• _What to work on_:
Scan the data for "unfolding" and copy the lines it appears in.

Stored items:
==========
lemma QSIC_of_index_sequence_123:
  fixes A B :: "real^4^4"
  assumes symA: "transpose A = A" and symB: "transpose B = B"
    and idx: "index_sequence_equiv A B (IdxSeq [1, 2, 3] [[Wr e, Wr e, Bar], [Bar]])"
  obtains C1 C2 where "QSIC_two_conics A B C1 C2" "tangent_at_one_real_point C1 C2"
    "e = Neg \<Longrightarrow> real_conic C1 \<and> real_conic C2"
    "e = Pos \<Longrightarrow> imaginary_conic C1 \<and> imaginary_conic C2"
proof -
  obtain a b c d where det: "a * d - b * c \<noteq> 0"
    and idx': "index_sequence_21_1 (a *\<^sub>R A + b *\<^sub>R B) (c *\<^sub>R A + d *\<^sub>R B)
                 (IdxSeq [1, 2, 3] [[Wr e, Wr e, Bar], [Bar]])"
    using idx unfolding index_sequence_equiv_def by blast
  have sym: "transpose (a *\<^sub>R A + b *\<^sub>R B) = a *\<^sub>R A + b *\<^sub>R B"
    "transpose (c *\<^sub>R A + d *\<^sub>R B) = c *\<^sub>R A + d *\<^sub>R B"
    using symmetric_pencil_combination[OF symA symB] by auto
  obtain Q l1 l2 where "invertible Q" "l1 < l2"
    "transpose Q ** (a *\<^sub>R A + b *\<^sub>R B) ** Q = canA_21_1 (sgnr e) 1 1"
    "transpose Q ** (c *\<^sub>R A + d *\<^sub>R B) ** Q = canB_21_1 (sgnr e) 1 1 l1 l2"
    using canonical_of_index_sequence_21_1[OF sym idx'] by blast
  then interpret canonical_21_1_pencil "a *\<^sub>R A + b *\<^sub>R B" "c *\<^sub>R A + d *\<^sub>R B" Q "sgnr e" l1 l2
    using sym by unfold_locales (auto simp: sgnr_def split: sgn.splits)
  have "QSIC_two_conics A B (conic 1) (conic (-1))"
    using QSIC_two_tangent_conics QSIC_pencil_basis_change[OF det]
    unfolding QSIC_two_conics_def by simp
  then show ?thesis
    using that QSIC_two_tangent_conics by (cases e) (auto simp: sgnr_def)
qed

theorem theorem16:
  fixes A B :: "real^4^4" and l1 l2 :: real
  assumes symA: "symmetric4 A" and symB: "symmetric4 B"
    and nonsingA: "det A \<noteq> 0"
    and nonzero: "pencil_poly A B \<noteq> 0"
    and roots: "l1 \<noteq> l2" "order l1 (pencil_poly A B) = 3" "order l2 (pencil_poly A B) = 1"
    and segre: "segre_21_1 A B l1 l2"
  shows "(index_sequence_equiv A B seq_minus \<or> index_sequence_equiv A B seq_plus) \<and>
         (index_sequence_equiv A B seq_minus \<longrightarrow>
            (\<exists>C1 C2. QSIC_two_conics A B C1 C2 \<and> real_conic C1 \<and> real_conic C2 \<and>
                     tangent_at_one_real_point C1 C2)) \<and>
         (index_sequence_equiv A B seq_plus \<longrightarrow>
            (\<exists>C1 C2. QSIC_two_conics A B C1 C2 \<and> imaginary_conic C1 \<and> imaginary_conic C2 \<and>
                     tangent_at_one_real_point C1 C2))"
proof -
  have symA': "transpose A = A" and symB': "transpose B = B"
    using symA symB by (simp_all add: symmetric4_def)
  have A: "invertible A" using nonsingA by (simp add: invertible_det_nz)
  obtain P where "invertible P" "B ** P = A ** P ** jordan_21_1 l1 l2"
    using segre_21_1_jordan_relation[OF A segre] by blast
  then have "index_sequence_equiv A B seq_minus \<or> index_sequence_equiv A B seq_plus"
    using index_sequence_equiv_21_1[OF symA' symB' A _ _ roots(1)] by blast
  moreover have "\<exists>C1 C2. QSIC_two_conics A B C1 C2 \<and> real_conic C1 \<and> real_conic C2 \<and>
      tangent_at_one_real_point C1 C2" if "index_sequence_equiv A B seq_minus"
    using QSIC_of_index_sequence_123[OF symA' symB' that[unfolded seq_minus_def]] by metis
  moreover have "\<exists>C1 C2. QSIC_two_conics A B C1 C2 \<and> imaginary_conic C1 \<and> imaginary_conic C2 \<and>
      tangent_at_one_real_point C1 C2" if "index_sequence_equiv A B seq_plus"
    using QSIC_of_index_sequence_123[OF symA' symB' that[unfolded seq_plus_def]] by metis
  ultimately show ?thesis by blast
qed

end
==========
• _Solution_:
    using idx unfolding index_sequence_equiv_def by blast
    unfolding QSIC_two_conics_def by simp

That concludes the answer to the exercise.